Вот и сбылась, Валечка, твоя мечта, и вот ты — в «Европейской». И не сявкой идешь, а как король, но только вот настроение почему–то — почему бы? — хоть вой!
Ну, так и повой, Валет, повой…
«А Федоров–то ого–го… — подумал Валет. — Ишь как солдатик во фрунт становился!»
Постучал в триста сороковой и, не дожидаясь ответа, вошел.
Ожидал почему–то увидеть нечто толстомордое, лысоватое, бурчливым голосом говорящее, в окружении злата–бархата, канделябров разных, шманделябров, и непременно чтоб стеганый халат на, нем…
Человек сидел спиной к двери, утонув в кресле. На появление Валета отозвался спокойно, даже лениво:
— Кто там?
Несуетливо выглянул из–за спинки.
— Да я это… — внезапно растерявшись, сказал Валет. И вдруг заметил неприметно глядящее из–под ручки кресла дуло револьвера. — Валька я… Рыгин.
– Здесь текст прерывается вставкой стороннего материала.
lemma pairing_factored_op_at:
  "pairing N (factored_op_at u m s f) g
     = (-1) ^ m * pairing N f (factored_op_at (\<lambda>p. u (m - p)) m (- s - of_nat N) g)"
proof (induction m arbitrary: g)
  case 0
  then show ?case by (simp add: pairing_mult_left)
next
  case (Suc m)
  let ?t = "- s - of_nat N"
  have "pairing N (factored_op_at u (Suc m) s f) g
      = - pairing N (factored_op_at u m s f) (theta_at ?t (inverse (u (Suc m)) * g))"
    by (simp add: pairing_mult_left pairing_theta_at)
  also have "\<dots> = - ((-1) ^ m * pairing N f
      (factored_op_at (\<lambda>p. u (m - p)) m ?t (theta_at ?t (inverse (u (Suc m)) * g))))"
    by (simp add: Suc.IH)
  also have "factored_op_at (\<lambda>p. u (m - p)) m ?t (theta_at ?t (inverse (u (Suc m)) * g))
      = factored_op_at (\<lambda>p. u (Suc m - p)) (Suc m) ?t g"
    by (subst factored_op_at_Suc_right) simp
  finally show ?case by simp
qed

lemma prod_list_reflect:
  assumes "\<And>x. (\<Prod>c\<leftarrow>cs. x + c) = (\<Prod>c\<leftarrow>cs. x + 1 - c)"
  shows "(\<Prod>c\<leftarrow>cs. - x - 1 + c) = (-1) ^ length cs * (\<Prod>c\<leftarrow>cs. x + (c :: 'a :: comm_ring_1))"
proof -
  have "(\<Prod>c\<leftarrow>cs. - x - 1 + c) = (\<Prod>c\<leftarrow>cs. - (x + 1 - c))"
    by (simp add: algebra_simps)
  also have "\<dots> = (-1) ^ length cs * (\<Prod>c\<leftarrow>cs. x + 1 - c)"
    by (induction cs) (simp_all add: algebra_simps)
  finally show ?thesis by (simp add: assms)
qed

lemma const_mult_X_mult_nth:
  "((fps_const (A :: rat) * fps_X) * h) $ m = (if m = 0 then 0 else A * h $ (m - 1))"
  unfolding mult.assoc fps_mult_left_const_nth fps_X_mult_nth by simp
— И что тебе, Валька Рыгин, от меня надобно? — спросил человек, опять отворачиваясь и глубоко уходя в кресло.
Рыгина это задело. «Стукнуть бы тебя сейчас, аккурат сквозь кресло. Только вот зачем?..»
— Звали, — сказал Валет.
— Я не звал, — донеслось из кресла. — Ты сам пришел.
— Сам пришел, — согласился Валет.
— Коли пришел, садись. Вот сюда садись.
Из–за спинки высунулась рука и показала на кресло, стоящее слева. «Не фрайер… — уважительно отметил Валет. — Ему так сподручней стрелять, ежели что…»
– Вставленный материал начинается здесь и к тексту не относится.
(* Let $\prec$ be a coherent contextual order on $\widetilde{\Sigma}=\widetilde{\Sigma}_1\uplus\widetilde{\Sigma}_2$ (with $\widetilde{\Sigma}_1,\widetilde{\Sigma}_2$ disjoint visibly pushdown alphabets) and let $P_1,P_2$ be well-matched visibly pushdown languages over $\widetilde{\Sigma}_1,\widetilde{\Sigma}_2$ respectively. Then $\mathrm{red}_\prec(P_1\parallel P_2)\subseteq\mathsf{wn}(P_1\parallel P_2)$.
   Context: A visibly pushdown (VP) alphabet is a finite alphabet partitioned into calls $\Sigma^{\mathsf{call}}$, returns $\Sigma^{\mathsf{ret}}$ and internals $\Sigma^{\mathsf{int}}$; write $\Sigma^{\mathsf{call}}_i,\Sigma^{\mathsf{ret}}_i$ for those of $\widetilde{\Sigma}_i$. Calls and returns in a word are matched like opening and closing parentheses (internals ignored); unmatched calls/returns are pending; a word is well-matched if none are pending. A visibly pushdown language is one accepted by a visibly pushdown automaton (pushes one symbol on each call, pops on each return, stack unchanged on internals). Shuffle: $P_1\parallel P_2=\{w\in\widetilde{\Sigma}^*:\Pi_{\widetilde{\Sigma}_i}(w)\in P_i\}$ with $\Pi_{\widetilde{\Sigma}_i}$ erasing letters outside $\widetilde{\Sigma}_i$. A word is well-nested if every matched call–return pair consists of letters from the same $\widetilde{\Sigma}_k$; $\mathsf{wn}(L)$ is the set of well-nested words of $L$. $\mathbb{I}=\{(a,b):a\in\widetilde{\Sigma}_i,b\in\widetilde{\Sigma}_j,i\ne j\}$, $\equiv_{\mathbb{I}}$ the least reflexive transitive relation with $uabv\equiv_{\mathbb{I}}ubav$ for $(a,b)\in\mathbb{I}$. A contextual order is a map $\prec$ from $\widetilde{\Sigma}^*$ to strict total orders on $\widetilde{\Sigma}$; it induces $\preceq$: $\sigma\preceq\rho$ iff $\sigma$ is a prefix of $\rho$ or $\sigma=\alpha a\beta$, $\rho=\alpha b\gamma$ with $a\prec_\alpha b$. $\mathrm{red}_\prec(L)=\{w\in L:\forall u\in L,(u\equiv_{\mathbb{I}}w\wedge u\preceq w)\Rightarrow u=w\}$. A contextual order $\prec$ is coherent if for every $u\in\widetilde{\Sigma}^*$ and $i\in\{1,2\}$: if $u$ has pending calls and the last pending call of $u$ is in $\Sigma^{\mathsf{call}}_i$, then $a\prec_u r$ for every $a\in\widetilde{\Sigma}_i$ and every $r\in\bigcup_{j\ne i}\Sigma^{\mathsf{ret}}_j$. *)

theory Defs
  imports Main
begin

definition vp_alphabet :: "'a set \<Rightarrow> 'a set \<Rightarrow> 'a set \<Rightarrow> bool" where
  "vp_alphabet C R I \<longleftrightarrow> finite C \<and> finite R \<and> finite I \<and>
     C \<inter> R = {} \<and> C \<inter> I = {} \<and> R \<inter> I = {}"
Лет двадцать пять. Френчик, сапожки, усики. Не скрывает свое офицерство. Спокоен. И не с виду спокоен, а в натуре.
— Ну и зачем ты пришел ко мне, Валька Рыгин?
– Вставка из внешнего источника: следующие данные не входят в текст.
lemma a_zero: "a 0 = 0" using a_add[of 0 0] by simp
lemma b_zero: "b 0 = 0" using b_add[of 0 0] by simp
lemma c_zero: "c 0 = 0" using c_add[of 0 0] by simp

lemma ba: "b (a v) = a (b v) + c v" using swap_summand[OF ab] .
lemma ca: "c (a v) = a (c v) + a v" using swap_summand[OF ac] .
lemma cb: "c (b v) = b (c v) + b v" using swap_summand[OF bc] .
lemma c_idem: "c (c v) = c v" using swap_summand[OF cc] by simp

text \<open>Rewriting to the normal form \<open>a\<^sup>i b\<^sup>k c\<^sup>l\<close>.\<close>
lemmas normalize = ba ca cb c_idem a4 b4 a_add b_add c_add a_zero b_zero c_zero
  add_self add_self_left add_ac

end

definition Qa :: "nat list list" where
  "Qa = [[4], [5], [6], [7], [8], [9], [10], [11], [12], [13], [14], [15], [], [], [], []]"
definition Qb :: "nat list list" where
  "Qb = [[1], [2], [3], [], [5], [6, 1], [7], [3], [9, 4], [10, 5], [11, 6], [7], [13, 8], [14],
    [15, 10], []]"
definition Qc :: "nat list list" where
  "Qc = [[], [1], [], [3], [4], [], [6], [], [], [9], [], [11], [12], [], [14], []]"

lemma less_16_cases:
  "(j::nat) < 16 \<Longrightarrow> j = 0 \<or> j = 1 \<or> j = 2 \<or> j = 3 \<or> j = 4 \<or> j = 5 \<or> j = 6 \<or> j = 7 \<or>
     j = 8 \<or> j = 9 \<or> j = 10 \<or> j = 11 \<or> j = 12 \<or> j = 13 \<or> j = 14 \<or> j = 15"
  by presburger

context um_action
begin

lemma a_words: "j < 16 \<Longrightarrow> c f = 0 \<Longrightarrow> a (words a b f ! j) = sum_list (map ((!) (words a b f)) (Qa ! j))"
  by (drule less_16_cases) (elim disjE; simp add: words_def Qa_def normalize)

lemma b_words: "j < 16 \<Longrightarrow> c f = 0 \<Longrightarrow> b (words a b f ! j) = sum_list (map ((!) (words a b f)) (Qb ! j))"
  by (drule less_16_cases) (elim disjE; simp add: words_def Qb_def normalize)

lemma c_words: "j < 16 \<Longrightarrow> c f = 0 \<Longrightarrow> c (words a b f ! j) = sum_list (map ((!) (words a b f)) (Qc ! j))"
  by (drule less_16_cases) (elim disjE; simp add: words_def Qc_def normalize)

end

lemma is_umod_carrier:
  assumes "is_umod V"
  shows "ra V \<in> carrier_mat (rdim V) (rdim V)" "rb V \<in> carrier_mat (rdim V) (rdim V)"
    "rc V \<in> carrier_mat (rdim V) (rdim V)"
  using assms unfolding is_umod_def Let_def by auto

lemma is_hom_carrier: "is_hom V W F \<Longrightarrow> F \<in> carrier_mat (rdim W) (rdim V)"
  unfolding is_hom_def by simp

lemma mult_mat_zero_vec: "A \<in> carrier_mat n m \<Longrightarrow> A *\<^sub>v 0\<^sub>v m = (0\<^sub>v n :: 'k::field vec)"
  by (intro eq_vecI) (auto simp: scalar_prod_def)

lemma zero_mult_mat_vec: "v \<in> carrier_vec m \<Longrightarrow> 0\<^sub>m n m *\<^sub>v v = (0\<^sub>v n :: 'k::field vec)"
  by (intro eq_vecI) (auto simp: scalar_prod_def)

lemma mat_app_add_self:
  assumes "CHAR('k::field) = 2"
  shows "(v :: nat \<Rightarrow> 'k) + v = 0"
  using char2_add_self[OF assms] by (simp add: fun_eq_iff)

lemma um_action_mat_app:
  assumes U: "is_umod (X :: 'k::field urep)" and char: "CHAR('k) = 2"
  shows "um_action (mat_app (ra X)) (mat_app (rb X)) (mat_app (rc X))"
proof -
  let ?n = "rdim X"
  from U have A: "ra X \<in> carrier_mat ?n ?n" and B: "rb X \<in> carrier_mat ?n ?n"
    and C: "rc X \<in> carrier_mat ?n ?n"
    and ab: "ra X * rb X + rb X * ra X = rc X" and ac: "ra X * rc X + rc X * ra X = ra X"
    and bc: "rb X * rc X + rc X * rb X = rb X" and a4: "ra X ^\<^sub>m 4 = 0\<^sub>m ?n ?n"
    and b4: "rb X ^\<^sub>m 4 = 0\<^sub>m ?n ?n" and cc: "rc X * rc X + rc X = 0\<^sub>m ?n ?n"
    unfolding is_umod_def Let_def by auto
  note app = mat_app_add_mat[of _ ?n ?n] mat_app_mult[of _ ?n ?n _ ?n] mat_app_zero_mat
  show ?thesis
  proof
    fix u v :: "nat \<Rightarrow> 'k"
    show "mat_app (ra X) (u + v) = mat_app (ra X) u + mat_app (ra X) v"
      "mat_app (rb X) (u + v) = mat_app (rb X) u + mat_app (rb X) v"
      "mat_app (rc X) (u + v) = mat_app (rc X) u + mat_app (rc X) v"
      by (rule mat_app_add)+
    show "v + v = 0" by (rule mat_app_add_self[OF char])
    show "mat_app (ra X) (mat_app (rb X) v) + mat_app (rb X) (mat_app (ra X) v) = mat_app (rc X) v"
      using arg_cong[OF ab, of "\<lambda>T. mat_app T v"] A B by (simp add: app)
    show "mat_app (ra X) (mat_app (rc X) v) + mat_app (rc X) (mat_app (ra X) v) = mat_app (ra X) v"
      using arg_cong[OF ac, of "\<lambda>T. mat_app T v"] A C by (simp add: app)
    show "mat_app (rb X) (mat_app (rc X) v) + mat_app (rc X) (mat_app (rb X) v) = mat_app (rb X) v"
      using arg_cong[OF bc, of "\<lambda>T. mat_app T v"] B C by (simp add: app)
    show "mat_app (rc X) (mat_app (rc X) v) + mat_app (rc X) v = 0"
      using arg_cong[OF cc, of "\<lambda>T. mat_app T v"] C by (simp add: app)
    show "mat_app (ra X) (mat_app (ra X) (mat_app (ra X) (mat_app (ra X) v))) = 0"
      using arg_cong[OF a4, of "\<lambda>T. mat_app T v"] A by (simp add: app pow_mat_4)
    show "mat_app (rb X) (mat_app (rb X) (mat_app (rb X) (mat_app (rb X) v))) = 0"
      using arg_cong[OF b4, of "\<lambda>T. mat_app T v"] B by (simp add: app pow_mat_4)
  qed
qed

lemma is_hom_mult:
  assumes U: "is_umod U" and V: "is_umod V" and W: "is_umod W"
    and F: "is_hom V W F" and G: "is_hom U V G"
  shows "is_hom U W (F * G)"
proof -
  have Fc: "F \<in> carrier_mat (rdim W) (rdim V)" and Gc: "G \<in> carrier_mat (rdim V) (rdim U)"
    using F G by (auto dest: is_hom_carrier)
  have comm: "F * G * XU = XW * (F * G)"
    if XU: "XU \<in> carrier_mat (rdim U) (rdim U)" and XV: "XV \<in> carrier_mat (rdim V) (rdim V)"
      and XW: "XW \<in> carrier_mat (rdim W) (rdim W)" and "F * XV = XW * F" "G * XU = XV * G"
    for XU XV XW
  proof -
    have "F * G * XU = F * (XV * G)" using Fc Gc XU \<open>G * XU = XV * G\<close> by simp
    also have "\<dots> = (F * XV) * G" using Fc XV Gc by (rule assoc_mult_mat[symmetric])
    also have "\<dots> = (XW * F) * G" using \<open>F * XV = XW * F\<close> by simp
    also have "\<dots> = XW * (F * G)" using XW Fc Gc by simp
    finally show ?thesis .
  qed
  show ?thesis
    using F G Fc Gc comm is_umod_carrier[OF U] is_umod_carrier[OF V] is_umod_carrier[OF W]
    unfolding is_hom_def by auto
qed

lemma is_projectiveD:
  assumes "is_projective P" "is_umod X" "is_umod Y" "is_hom X Y f" "hom_surj X Y f" "is_hom P Y g"
  shows "\<exists>h. is_hom P X h \<and> f * h = g"
  using assms unfolding is_projective_def by blast

lemma is_injectiveD:
  assumes "is_injective I" "is_umod X" "is_umod Y" "is_hom X Y f" "hom_inj X Y f" "is_hom X I g"
  shows "\<exists>h. is_hom Y I h \<and> h * f = g"
  using assms unfolding is_injective_def by blast

lemma is_hom_inverse:
  assumes S: "is_hom V V S" and T: "T \<in> carrier_mat (rdim V) (rdim V)" and V: "is_umod V"
    and ST: "S * T = 1\<^sub>m (rdim V)" and TS: "T * S = 1\<^sub>m (rdim V)"
  shows "is_hom V V T"
proof -
  let ?n = "rdim V"
  have Sc: "S \<in> carrier_mat ?n ?n" using S by (rule is_hom_carrier)
  have comm: "T * X = X * T" if X: "X \<in> carrier_mat ?n ?n" and SX: "S * X = X * S" for X
  proof -
    have "T * X = T * X * (S * T)" using T X ST by simp
    also have "\<dots> = T * (S * X) * T"
      using T X Sc SX by (simp add: assoc_mult_mat[of _ ?n ?n _ ?n _ ?n])
    also have "\<dots> = (T * S) * (X * T)"
      using T X Sc by (simp add: assoc_mult_mat[of _ ?n ?n _ ?n _ ?n])
    also have "\<dots> = X * T" using TS X T by simp
    finally show ?thesis .
  qed
  show ?thesis using T S is_umod_carrier[OF V] comm unfolding is_hom_def by auto
qed

lemma is_hom_mat_app_commute:
  assumes "is_hom V W F" and "is_umod V" "is_umod W"
  shows "mat_app (ra W) (mat_app F v) = mat_app F (mat_app (ra V) v)"
    and "mat_app (rb W) (mat_app F v) = mat_app F (mat_app (rb V) v)"
  using assms is_umod_carrier[of V] is_umod_carrier[of W]
  by (auto simp: is_hom_def mat_app_mult[symmetric] intro!: arg_cong[where f = "\<lambda>T. mat_app T v"])

section \<open>The projective module \<open>Q = u(m)(1 + c)\<close>\<close>

definition Qmod :: "'k::field urep" where
  "Qmod = \<lparr>rdim = 16, ra = basis_rect_mat 16 16 Qa, rb = basis_rect_mat 16 16 Qb,
     rc = basis_rect_mat 16 16 Qc\<rparr>"

lemma Qmod_simps [simp]:
  "rdim Qmod = 16" "ra Qmod = basis_rect_mat 16 16 Qa" "rb Qmod = basis_rect_mat 16 16 Qb"
  "rc Qmod = basis_rect_mat 16 16 Qc"
  unfolding Qmod_def by simp_all

lemma Q_basis_wf: "basis_wf 16 Qa" "basis_wf 16 Qb" "basis_wf 16 Qc"
  "length Qa = 16" "length Qb = 16" "length Qc = 16"
  by code_simp+

lemma Q_umod_check: "basis_umod_check 16 Qa Qb Qc"
  by code_simp

lemma is_umod_Qmod: "CHAR('k::field) = 2 \<Longrightarrow> is_umod (Qmod :: 'k urep)"
  by (erule is_umod_basisI[OF _ _ _ _ _ Q_umod_check]) simp_all

text \<open>A homomorphism \<open>Q \<rightarrow> X\<close> sends the generator \<open>1 + c\<close> to a vector \<open>x\<close> with \<open>c x = 0\<close>
  and is determined by it: its columns are the words in \<open>a\<close>, \<open>b\<close> applied to \<open>x\<close>.\<close>

definition Qmod_hom :: "'k::field urep \<Rightarrow> 'k vec \<Rightarrow> 'k mat" where
  "Qmod_hom X x = mat (rdim X) 16 (\<lambda>(i, j). (words (mat_app (ra X)) (mat_app (rb X)) (vec_fun x) ! j) i)"

lemma sum_list_map_apply: "sum_list (map (fs :: nat \<Rightarrow> nat \<Rightarrow> 'k::field) L) i = sum_list (map (\<lambda>l. fs l i) L)"
  by (induction L) auto

lemma mult_basis_rect_mat_index:
  assumes F: "F \<in> carrier_mat n m" and wf: "basis_wf m I" and "length I = p"
    and i: "i < n" and j: "j < p"
  shows "(F * (basis_rect_mat m p I :: 'k::field mat)) $$ (i, j) = sum_list (map (\<lambda>l. F $$ (i, l)) (I ! j))"
proof -
  have "I ! j \<in> set I" using j assms(3) by simp
  then have J: "distinct (I ! j)" "set (I ! j) \<subseteq> {0..<m}"
    using wf unfolding basis_wf_def by auto
  have "(F * (basis_rect_mat m p I :: 'k mat)) $$ (i, j) =
      (\<Sum>l\<in>{0..<m}. F $$ (i, l) * (if l \<in> set (I ! j) then 1 else 0))"
    using F i j by (simp add: scalar_prod_def)
  also have "\<dots> = (\<Sum>l\<in>set (I ! j). F $$ (i, l))"
    using J by (intro sum.mono_neutral_cong_right) auto
  also have "\<dots> = sum_list (map (\<lambda>l. F $$ (i, l)) (I ! j))"
    using J by (simp add: sum_list_distinct_conv_sum_set)
  finally show ?thesis .
qed

lemma intertwine_basis_rect_mat:
  assumes X: "X \<in> carrier_mat n n" and wf: "basis_wf m I" and len: "length I = m"
    and w: "\<And>j. j < m \<Longrightarrow> mat_app X (w j) = sum_list (map w (I ! j))"
    and F: "F = mat n m (\<lambda>(i, j). w j i)"
  shows "F * (basis_rect_mat m m I :: 'k::field mat) = X * F"
proof (rule eq_matI)
  fix i j assume "i < dim_row (X * F)" "j < dim_col (X * F)"
  then have i: "i < n" and j: "j < m" using X F by auto
  have "I ! j \<in> set I" using j len by simp
  then have sub: "set (I ! j) \<subseteq> {0..<m}" using wf unfolding basis_wf_def by auto
  have "(F * (basis_rect_mat m m I :: 'k mat)) $$ (i, j) = sum_list (map (\<lambda>l. F $$ (i, l)) (I ! j))"
    using F wf len i j by (intro mult_basis_rect_mat_index) auto
  also have "\<dots> = sum_list (map (\<lambda>l. w l i) (I ! j))"
    using sub i F by (intro arg_cong[where f = sum_list] map_cong) auto
  also have "\<dots> = mat_app X (w j) i" using w[OF j] by (simp add: sum_list_map_apply)
  also have "\<dots> = (X * F) $$ (i, j)"
    using X F i j by (simp add: mat_app_def scalar_prod_def)
  finally show "(F * (basis_rect_mat m m I :: 'k mat)) $$ (i, j) = (X * F) $$ (i, j)" .
qed (use X F in auto)

lemma is_hom_Qmod_hom:
  assumes X: "is_umod (X :: 'k::field urep)" and char: "CHAR('k) = 2"
    and x: "x \<in> carrier_vec (rdim X)" and cx: "rc X *\<^sub>v x = 0\<^sub>v (rdim X)"
  shows "is_hom Qmod X (Qmod_hom X x)"
proof -
  interpret um_action "mat_app (ra X)" "mat_app (rb X)" "mat_app (rc X)"
    by (rule um_action_mat_app[OF X char])
  note car = is_umod_carrier[OF X]
  have cf: "mat_app (rc X) (vec_fun x) = 0"
    using mat_app_vec_fun[of x "rc X"] car x cx by (auto simp: vec_fun_def fun_eq_iff)
  have F: "Qmod_hom X x = mat (rdim X) 16
      (\<lambda>(i, j). (words (mat_app (ra X)) (mat_app (rb X)) (vec_fun x) ! j) i)"
    unfolding Qmod_hom_def ..
  show ?thesis unfolding is_hom_def
    using intertwine_basis_rect_mat[OF car(1) Q_basis_wf(1) Q_basis_wf(4) _ F] a_words
      intertwine_basis_rect_mat[OF car(2) Q_basis_wf(2) Q_basis_wf(5) _ F] b_words
      intertwine_basis_rect_mat[OF car(3) Q_basis_wf(3) Q_basis_wf(6) _ F] c_words
    by (simp add: cf Qmod_hom_def)
qed

lemma col_Qmod_hom: "x \<in> carrier_vec (rdim X) \<Longrightarrow> col (Qmod_hom X x) 0 = x"
  by (intro eq_vecI) (auto simp: Qmod_hom_def words_def vec_fun_def)

definition basis_fun :: "nat \<Rightarrow> nat \<Rightarrow> nat \<Rightarrow> 'k::field" where
  "basis_fun n j = (\<lambda>l. if l < n \<and> l = j then 1 else 0)"

lemma mat_app_basis_fun:
  assumes G: "G \<in> carrier_mat m n" and "i < m" "j < n"
  shows "mat_app G (basis_fun n j) i = G $$ (i, j)"
proof -
  have "mat_app G (basis_fun n j) i = (\<Sum>l\<in>{0..<n}. G $$ (i, l) * basis_fun n j l)"
    using assms by (simp add: mat_app_def)
  also have "\<dots> = (\<Sum>l\<in>{0..<n}. if l = j then G $$ (i, j) else 0)"
    by (rule sum.cong) (auto simp: basis_fun_def)
  finally show ?thesis using assms by simp
qed

lemma mat_app_basis_rect_mat_basis_fun:
  assumes "l < n" "I ! l = [r]" "r < n"
  shows "mat_app (basis_rect_mat n n I) (basis_fun n l) = (basis_fun n r :: nat \<Rightarrow> 'k::field)"
proof
  fix i
  show "mat_app (basis_rect_mat n n I) (basis_fun n l) i = (basis_fun n r :: nat \<Rightarrow> 'k) i"
  proof (cases "i < n")
    case True
    then show ?thesis using assms mat_app_basis_fun[of "basis_rect_mat n n I" n n i l]
      by (simp add: basis_fun_def)
  qed (simp add: mat_app_def basis_fun_def)
qed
— А ни за чем! — вдруг самой широкой из самых своих наглых улыбок ухмыльнулся Валет. — Просто так. Посидеть. Поглядеть, что это за человек такой, из–за которого мне честь отдают.
Тот вяло усмехнулся:
— Честь отдают? Это слишком. Я считаю, что вообще давно настала пора бороться с этими рецидивами царской армии. А ты как думаешь?
— Ага, — согласился Валет, который думал об этом не больше, чем о происхождении Вселенной.
— Ну, если ты со мной согласен, давай познакомимся. Ты — Валька Рыгин. Я — Николай Петрович. Федоров.
Руки не подал, но привстал и полупоклонился.
— За сим… по старорежимному, тем не менее разумному обряду нам не грех, я думаю, и выпить? Поскольку мы с тобой, оказывается, союзники по одному из кардинальнейших вопросов текущего момента.
— Это по какому? — не понял Рыгин.
— Как «по какому»? По вопросу об отдании чести, разумеется. — И Федоров опять вяло, будто бы насильственно усмехнулся.
Поднялся, прошел в угол. (Поднялся так сильно, легко, что Валет еще раз уважительно подумал: «Ого! С тобой, видать, можно делать дела…»)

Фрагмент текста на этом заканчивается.